## EXERCISE AIM:
The expected answer is the set of lines in the data below between the line holding "eigenvalue k^2: f" and the line holding "real) \<Rightarrow> real", inclusive, written out exactly.
::::::::::
(* Let $\Gamma$ be a graph with $N$ edges. Then $\mathcal{T}(\Gamma)=\{(\mathbf{z},M\mathbf{a}):\ \mathbf{z}\in\Sigma(\Gamma),\ \mathbf{a}\in\mathbb{C}^{2N},\ U(\mathbf{z})\mathbf{a}=\mathbf{a}\}$.
   Context: $\Gamma$ is a finite graph with edges $e_1,\dots,e_N$, each oriented from $o(e_j)$ to $\tau(e_j)$; $\deg(v)$ counts edge-ends at $v$ (loops twice). For $\boldsymbol{\ell}\in\mathbb{R}_+^N$, $(\Gamma,\boldsymbol{\ell})$ has $e_j\cong[0,\ell_j]$ ($t=0$ at $o(e_j)$) and Laplacian $-d^2/dt^2$ with standard vertex conditions (continuity, and $\sum_{o(e_j)=v}f'|_{e_j}(0)-\sum_{\tau(e_j)=v}f'|_{e_j}(\ell_j)=0$). For an eigenfunction with eigenvalue $k^2$, $k>0$: $f|_{e_j}(t)=A_j\cos(kt)+B_j\sin(kt)=C_j\cos(k(\ell_j-t))+D_j\sin(k(\ell_j-t))$ and $\mathrm{tr}_k(f)=(A_1,\dots,A_N,C_1,\dots,C_N,B_1,\dots,B_N,D_1,\dots,D_N)$; for $k=0$, $f\equiv c$ gives $A_j=C_j=c$, $B_j=D_j=0$. $\mathcal{T}(\Gamma)=\{(\exp(ik\boldsymbol{\ell}),\mathrm{tr}_k(f)):\boldsymbol{\ell}\in\mathbb{R}_+^N,\ k^2\text{ eigenvalue},\ f\text{ in its eigenspace (including }0)\}\subset\mathbb{T}^N\times\mathbb{C}^{4N}$, with $\exp(ik\boldsymbol{\ell})=(e^{ik\ell_j})_j$; $\Sigma(\Gamma)$ is its projection to $\mathbb{T}^N$. Let $S$ be the real orthogonal $2N\times2N$ matrix acting on $\mathbf{a}=(a_1,\dots,a_N,b_1,\dots,b_N)$ by $(S\mathbf{a})_j=\frac{2}{\deg(o(e_j))}\big(\sum_{i:o(e_i)=o(e_j)}b_i+\sum_{i:\tau(e_i)=o(e_j)}a_i\big)-b_j$, $(S\mathbf{a})_{N+j}=\frac{2}{\deg(\tau(e_j))}\big(\sum_{i:o(e_i)=\tau(e_j)}b_i+\sum_{i:\tau(e_i)=\tau(e_j)}a_i\big)-a_j$; $U(\mathbf{z})=\mathrm{diag}(\mathbf{z},\mathbf{z})S$ where $\mathrm{diag}(\mathbf{z},\mathbf{z})$ has diagonal $(z_1,\dots,z_N,z_1,\dots,z_N)$. (With $f|_{e_j}(t)=a_je^{ik(t-\ell_j)}+b_je^{-ikt}$, $f$ is an eigenfunction with eigenvalue $k^2$ iff $U(\exp(ik\boldsymbol{\ell}))\mathbf{a}=\mathbf{a}$.) $J=\begin{pmatrix}0&I_N\\ I_N&0\end{pmatrix}$ and $M=\begin{pmatrix}S+J\\ i(S-J)\end{pmatrix}$, a $4N\times2N$ matrix. *)

theory Defs
  imports "HOL-Analysis.Analysis"
begin

text \<open>A finite graph with edges e_0,...,e_(N-1) (0-based), edge j oriented from
  orig j to tm j; vertices of type 'v.  Vectors are complex lists.\<close>

definition gdeg :: "nat \<Rightarrow> (nat \<Rightarrow> 'v) \<Rightarrow> (nat \<Rightarrow> 'v) \<Rightarrow> 'v \<Rightarrow> nat" where
  "gdeg N orig tm v = card {j. j < N \<and> orig j = v} + card {j. j < N \<and> tm j = v}"

text \<open>Eigenfunction (possibly zero) of the standard Laplacian on (Gamma, l) with
  eigenvalue k^2: f j is the function on edge j \<cong> [0, l j], f' j its derivative.\<close>
definition is_eigfun ::
  "nat \<Rightarrow> (nat \<Rightarrow> 'v) \<Rightarrow> (nat \<Rightarrow> 'v) \<Rightarrow> (nat \<Rightarrow> real) \<Rightarrow> real
   \<Rightarrow> (nat \<Rightarrow> real \<Rightarrow> complex) \<Rightarrow> (nat \<Rightarrow> real \<Rightarrow> complex) \<Rightarrow> bool" where
  "is_eigfun N orig tm l k f f' \<longleftrightarrow>
     (\<forall>j<N. \<forall>t\<in>{0..l j}.
        (f j has_vector_derivative f' j t) (at t within {0..l j}) \<and>
        (f' j has_vector_derivative (- complex_of_real (k\<^sup>2) * f j t)) (at t within {0..l j})) \<and>
     (\<exists>\<phi> :: 'v \<Rightarrow> complex. \<forall>j<N. f j 0 = \<phi> (orig j) \<and> f j (l j) = \<phi> (tm j)) \<and>
     (\<forall>v. (\<Sum>j | j < N \<and> orig j = v. f' j 0) - (\<Sum>j | j < N \<and> tm j = v. f' j (l j)) = 0)"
::::::::::
## ANSWER FOR THE TASK:
  eigenvalue k^2: f j is the function on edge j \<cong> [0, l j], f' j its derivative.\<close>
definition is_eigfun ::
  "nat \<Rightarrow> (nat \<Rightarrow> 'v) \<Rightarrow> (nat \<Rightarrow> 'v) \<Rightarrow> (nat \<Rightarrow> real) \<Rightarrow> real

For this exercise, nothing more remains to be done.